I also would look for listing info from the manufacturer....


----------



## codeworks (Jan 2, 2013)

we allox flex for the first 18" to 24" off the t&p before going to appd pvc pipe for discharge, at T&p


----------



## cda (Jan 2, 2013)

Welcome BOB from NO!!!

how did you find us??

do you mind stating what yyou do for a living??


----------



## jeffc (Jan 2, 2013)

The 2009 UPC, section 608.5 does not allow flex pipe for the P+t valve drain line.


----------



## Francis Vineyard (Jan 2, 2013)

Commonly see them use on replacement water heaters for the inlet and outlet ports.

2009 IRC.

*P2905.5 Water-distribution pipe.* Water-distribution piping within _dwelling units_ shall conform to NSF 61 and shall conform to one of the standards listed in Table P2905.5. All hot-water-distribution pipe and tubing shall have a minimum pressure rating of 100 psi at 180°F (689 kPa at 82°C).

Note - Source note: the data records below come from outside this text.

lemma half_plane_solution_mirrored_graph:
  assumes P: "\<And>x. (P has_real_derivative D x) (at x)" and e: "\<bar>e\<bar> = 1"
    and sol: "solution_in (slope_field e D) {p. 0 \<le> e * snd p} \<sigma> a b"
    and c: "c \<in> {a..b}" "\<sigma> c \<in> mirrored_graph P"
  shows "\<sigma> ` {a..b} \<subseteq> mirrored_graph P"
proof -
  have half: "0 \<le> e * snd (\<sigma> t)" if "t \<in> {a..b}" for t
    using sol that by (auto simp: solution_in_def)
  obtain h where h: "\<And>t. t \<in> {a..b} \<Longrightarrow> e * snd (\<sigma> t) - P (fst (\<sigma> t)) = h"
    using slope_field_first_integral[OF P sol] by blast
  have "h = 0"
    using h[OF c(1)] c mem_mirrored_graph_half_plane[OF e half[OF c(1)]] by simp
  then show ?thesis
    using h half mem_mirrored_graph_half_plane[OF e] by (simp add: image_subset_iff)
qed

lemma follows_slope_fields_mirrored_graph:
  assumes P: "\<And>x. (P has_real_derivative D x) (at x)"
    and F: "follows (slope_field 1 D) (slope_field (-1) D) F \<sigma> a b"
    and c: "c \<in> {a..b}" "\<sigma> c \<in> mirrored_graph P"
  shows "\<sigma> ` {a..b} \<subseteq> mirrored_graph P"
proof (cases F)
  case FX
  then have "solution_in (slope_field 1 D) {p. 0 \<le> 1 * snd p} \<sigma> a b"
    using F by (simp add: follows_def sw_f_def)
  then show ?thesis using half_plane_solution_mirrored_graph[OF P, of 1] c by simp
next
  case FY
  then have "solution_in (slope_field (-1) D) {p. 0 \<le> -1 * snd p} \<sigma> a b"
    using F by (simp add: follows_def sw_f_def)
  then show ?thesis using half_plane_solution_mirrored_graph[OF P, of "-1"] c by simp
next
  case FT
  then show ?thesis
    using F c by (simp add: follows_def solution_in_def sliding_slope_fields escaping_slope_fields)
qed

lemma image_subset_interval_split:
  fixes \<sigma> :: "real \<Rightarrow> 'a"
  assumes left: "\<And>c. c \<in> {a..\<tau>} \<Longrightarrow> \<sigma> c \<in> \<Lambda> \<Longrightarrow> \<sigma> ` {a..\<tau>} \<subseteq> \<Lambda>"
    and right: "\<And>c. c \<in> {\<tau>..b} \<Longrightarrow> \<sigma> c \<in> \<Lambda> \<Longrightarrow> \<sigma> ` {\<tau>..b} \<subseteq> \<Lambda>"
    and \<tau>: "\<tau> \<in> {a..b}" and c: "c \<in> {a..b}" "\<sigma> c \<in> \<Lambda>"
  shows "\<sigma> ` {a..b} \<subseteq> \<Lambda>"
proof -
  have "\<sigma> \<tau> \<in> \<Lambda>"
  proof (cases "c \<le> \<tau>")
    case True
    then have "\<sigma> ` {a..\<tau>} \<subseteq> \<Lambda>" using left[of c] c by simp
    then show ?thesis using \<tau> by (auto simp: image_subset_iff)
  next
    case False
    then have "\<sigma> ` {\<tau>..b} \<subseteq> \<Lambda>" using right[of c] c by simp
    then show ?thesis using \<tau> by (auto simp: image_subset_iff)
  qed
  then have "\<sigma> ` ({a..\<tau>} \<union> {\<tau>..b}) \<subseteq> \<Lambda>"
    using left[of \<tau>] right[of \<tau>] \<tau> by auto
  moreover have "{a..\<tau>} \<union> {\<tau>..b} = {a..b}"
    using \<tau> by auto
  ultimately show ?thesis by simp
qed
section \<open>Functions in \<open>D\<^sub>N\<^sup>M\<close> on the grid \<open>p\<^sup>-\<^sup>N\<int>\<close>\<close>

lemma DNM_vanishes_off_grid:
  assumes p: "p \<ge> 2" and phi: "phi \<in> DNM p N M" and r: "p_fraction p r"
    and nz: "phi (pemb p r) \<noteq> 0"
  shows "\<exists>i::int. r = of_int i / of_nat p ^ N"
proof (rule ccontr)
  assume off_grid: "\<not> ?thesis"
  have p0: "p > 0" using p by simp
  have "pemb p r \<in> pball p (int N) pzero"
    using phi pemb_in_Qp[OF p r] nz unfolding DNM_def by blast
  then have "pnorm p (pemb p r) \<le> real p powr real N"
    unfolding pball_def pzero_eq_pemb_0[of p] using psub_pemb[OF p0, of r 0] by simp
  then show False using pnorm_pemb_gt[OF p r off_grid] by simp
qed

lemma DNM_translate_period:
  assumes p: "p \<ge> 2" and phi: "phi \<in> DNM p N M" and r: "p_fraction p r"
  shows "phi (pemb p (r + of_nat p ^ M)) = phi (pemb p r)"
proof -
  have "phi (padd p (pemb p r) (pemb p (of_nat p ^ M))) = phi (pemb p r)"
    using phi pemb_in_Qp[OF p r] unfolding DNM_def by blast
  then show ?thesis using p by (simp add: padd_pemb)
qed

definition grid_val :: "nat \<Rightarrow> nat \<Rightarrow> (padic \<Rightarrow> complex) \<Rightarrow> int \<Rightarrow> complex" where
  "grid_val p N phi i = phi (pemb p (of_int i / of_nat p ^ N))"

lemma grid_val_periodic:
  assumes p: "p \<ge> 2" and phi: "phi \<in> DNM p N M"
  shows "grid_val p N phi (i + int (p ^ (N + M)) * t) = grid_val p N phi i"
proof -
  have q0: "(of_nat p :: rat) \<noteq> 0" using p by simp
  have shift_nat: "grid_val p N phi (i + int (p ^ (N + M)) * int t) = grid_val p N phi i"
    for i and t :: nat
  proof (induction t)
    case (Suc t)
    have shift: "(of_int (i + int (p ^ (N + M)) * int (Suc t)) :: rat) / of_nat p ^ N
        = of_int (i + int (p ^ (N + M)) * int t) / of_nat p ^ N + of_nat p ^ M"
      using q0 by (simp add: field_simps power_add)
    have "grid_val p N phi (i + int (p ^ (N + M)) * int (Suc t))
        = phi (pemb p (of_int (i + int (p ^ (N + M)) * int t) / of_nat p ^ N + of_nat p ^ M))"
      unfolding grid_val_def shift ..
    also have "\<dots> = grid_val p N phi (i + int (p ^ (N + M)) * int t)"
      unfolding grid_val_def by (rule DNM_translate_period[OF p phi p_fraction_of_int_divide])
    finally show ?case using Suc.IH by simp
  qed simp
  show ?thesis
  proof (cases "t \<ge> 0")
    case True
    then show ?thesis using shift_nat[of i "nat t"] by simp
  next
    case False
    then show ?thesis using shift_nat[of "i + int (p ^ (N + M)) * t" "nat (- t)"]
      by (simp add: algebra_simps)
  qed
qed

lemma DNM_on_finer_grid:
  assumes p: "p \<ge> 2" and phi: "phi \<in> DNM p N M" and n: "n \<ge> N"
  shows "phi (pemb p (of_int j / of_nat p ^ n))
       = (if int (p ^ (n - N)) dvd j then grid_val p N phi (j div int (p ^ (n - N))) else 0)"
proof -
  define d where "d = p ^ (n - N)"
  have d0: "d > 0" unfolding d_def using p by simp
  have q0: "(of_nat p :: rat) \<noteq> 0" using p by simp
  have qn: "(of_nat p :: rat) ^ n = of_nat p ^ N * of_nat d"
    unfolding d_def using n by (simp flip: power_add)
  show ?thesis
  proof (cases "int d dvd j")
    case True
    then obtain i where j: "j = int d * i" by blast
    have "(of_int j :: rat) / of_nat p ^ n = of_int i / of_nat p ^ N"
      unfolding j qn using d0 q0 by (simp add: field_simps)
    moreover have "j div int d = i" unfolding j using d0 by simp
    ultimately show ?thesis using True unfolding d_def grid_val_def by simp
  next
    case False
    have "phi (pemb p (of_int j / of_nat p ^ n)) = 0"
    proof (rule ccontr)
      assume "phi (pemb p (of_int j / of_nat p ^ n)) \<noteq> 0"
      then obtain i where "(of_int j :: rat) / of_nat p ^ n = of_int i / of_nat p ^ N"
        using DNM_vanishes_off_grid[OF p phi p_fraction_of_int_divide] by blast
      then have "(of_int j :: rat) = of_int (i * int d)"
        unfolding qn using d0 q0 by (simp add: field_simps)
      then have "j = i * int d" by linarith
      then show False using False by simp
    qed
    then show ?thesis using False unfolding d_def by simp
  qed
qed

lemma DNM_translate_on_finer_grid:
  assumes p: "p \<ge> 2" and phi: "phi \<in> DNM p N M" and n: "n \<ge> N"
  shows "phi (psub p (pemb p (of_nat j / of_nat p ^ n)) (pemb p (of_nat k / of_nat p ^ N)))
       = (if p ^ (n - N) dvd j then grid_val p N phi (int (j div p ^ (n - N)) - int k) else 0)"
proof -
  define d where "d = p ^ (n - N)"
  have d0: "d > 0" unfolding d_def using p by simp
  have p0: "p > 0" and q0: "(of_nat p :: rat) > 0" using p by simp_all
  have qn: "(of_nat p :: rat) ^ n = of_nat p ^ N * of_nat d"
    unfolding d_def using n by (simp flip: power_add)
  have diff: "psub p (pemb p (of_nat j / of_nat p ^ n)) (pemb p (of_nat k / of_nat p ^ N))
      = pemb p (of_int (int j - int k * int d) / of_nat p ^ n)"
    unfolding psub_pemb[OF p0] qn using d0 q0 by (simp add: field_simps)
  have dvd_iff: "int d dvd (int j - int k * int d) \<longleftrightarrow> d dvd j"
    by (metis dvd_diff_commute dvd_triv_right int_dvd_int_iff dvd_add_left_iff diff_add_cancel
        dvd_diff)
  have "(int j - int k * int d) div int d = int (j div d) - int k" if "d dvd j"
    using d0 that by (auto simp: zdiv_int elim!: dvdE)
  then show ?thesis
    unfolding diff DNM_on_finer_grid[OF p phi n] d_def[symmetric] using dvd_iff by simp
qed

section \<open>Haar integrals of functions living on a grid\<close>

lemma sum_multiples_lessThan:
  assumes d: "(d::nat) > 0"
  shows "(\<Sum>j<d * m. if d dvd j then H (j div d) else 0) = (\<Sum>i<m. H i)"
proof -
  have "(\<Sum>j<d * m. if d dvd j then H (j div d) else 0) = (\<Sum>j\<in>{j\<in>{..<d * m}. d dvd j}. H (j div d))"
    by (simp only: sum.inter_filter[OF finite_lessThan])
  also have "{j\<in>{..<d * m}. d dvd j} = (\<lambda>i. d * i) ` {..<m}"
    using d by (auto elim!: dvdE)
  also have "(\<Sum>j\<in>(\<lambda>i. d * i) ` {..<m}. H (j div d)) = (\<Sum>i<m. H i)"
    by (subst sum.reindex) (use d in \<open>auto simp: inj_on_def\<close>)
  finally show ?thesis .
qed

*TABLE P2905.5 WATER DISTRIBUTION PIPE *


*MATERIAL*

*STANDARD*

Brass pipe

ASTM B 43

Chlorinated polyvinyl chloride (CPVC) plastic pipe and tubing

ASTM D 2846; ASTM F 441; ASTM F 442; CSA B137.6

Copper or copper-alloy pipe

ASTM B 42; ASTM B 302

Copper or copper-alloy tubing (Type K, WK, L, WL, M or WM)

ASTM B 75; ASTM B 88; ASTM B 251; ASTM B 447

Cross-linked polyethylene (PEX) plastic tubing

ASTM F 876; ASTM F 877; CSA B137.5

Cross-linked polyethylene/aluminum/cross-linked polyethylene (PEX-AL-PEX) pipe

ASTM F 1281; ASTM F 2262; CSA B137.10M

Cross-linked polyethylene/aluminum/high-density polyethylene (PEX-AL-HDPE)

ASTM F 1986

Galvanized steel pipe

ASTM A 53

Polyethylene/aluminum/polyethylene (PE-AL-PE) composite pipe

ASTM F 1282

Polypropylene (PP) plastic pipe or tubing

ASTM F 2389; CSA B137.11

Stainless steel (Type 304/304L) pipe

ASTM A 312; ASTM A 778



*P2905.7 Flexible water connectors.* Flexible water connectors, exposed to continuous pressure, shall conform to ASME A112.18.6. Access shall be provided to all flexible water connectors.

Francis


----------



## Mac (Jan 2, 2013)

The NY Res Code allows any material that is listed on table P2904.5 "Water Distribution Pipe". Each type has an ASTM designation, not sure where the corrugated copper fits in...


----------



## Pcinspector1 (Jan 2, 2013)

Can the copper corrugated discharge pipe meet IRC, P2803.6.1 #10 (Not terninate more than 6" above the floor or waste receptor?)

pc1


----------



## Bob Bartlett (Jan 2, 2013)

PC,

Are you thinking in terms of a relief discharge line?

This thread is dealing with the use of corrugated "supply line" for the hot water outlet of water heaters.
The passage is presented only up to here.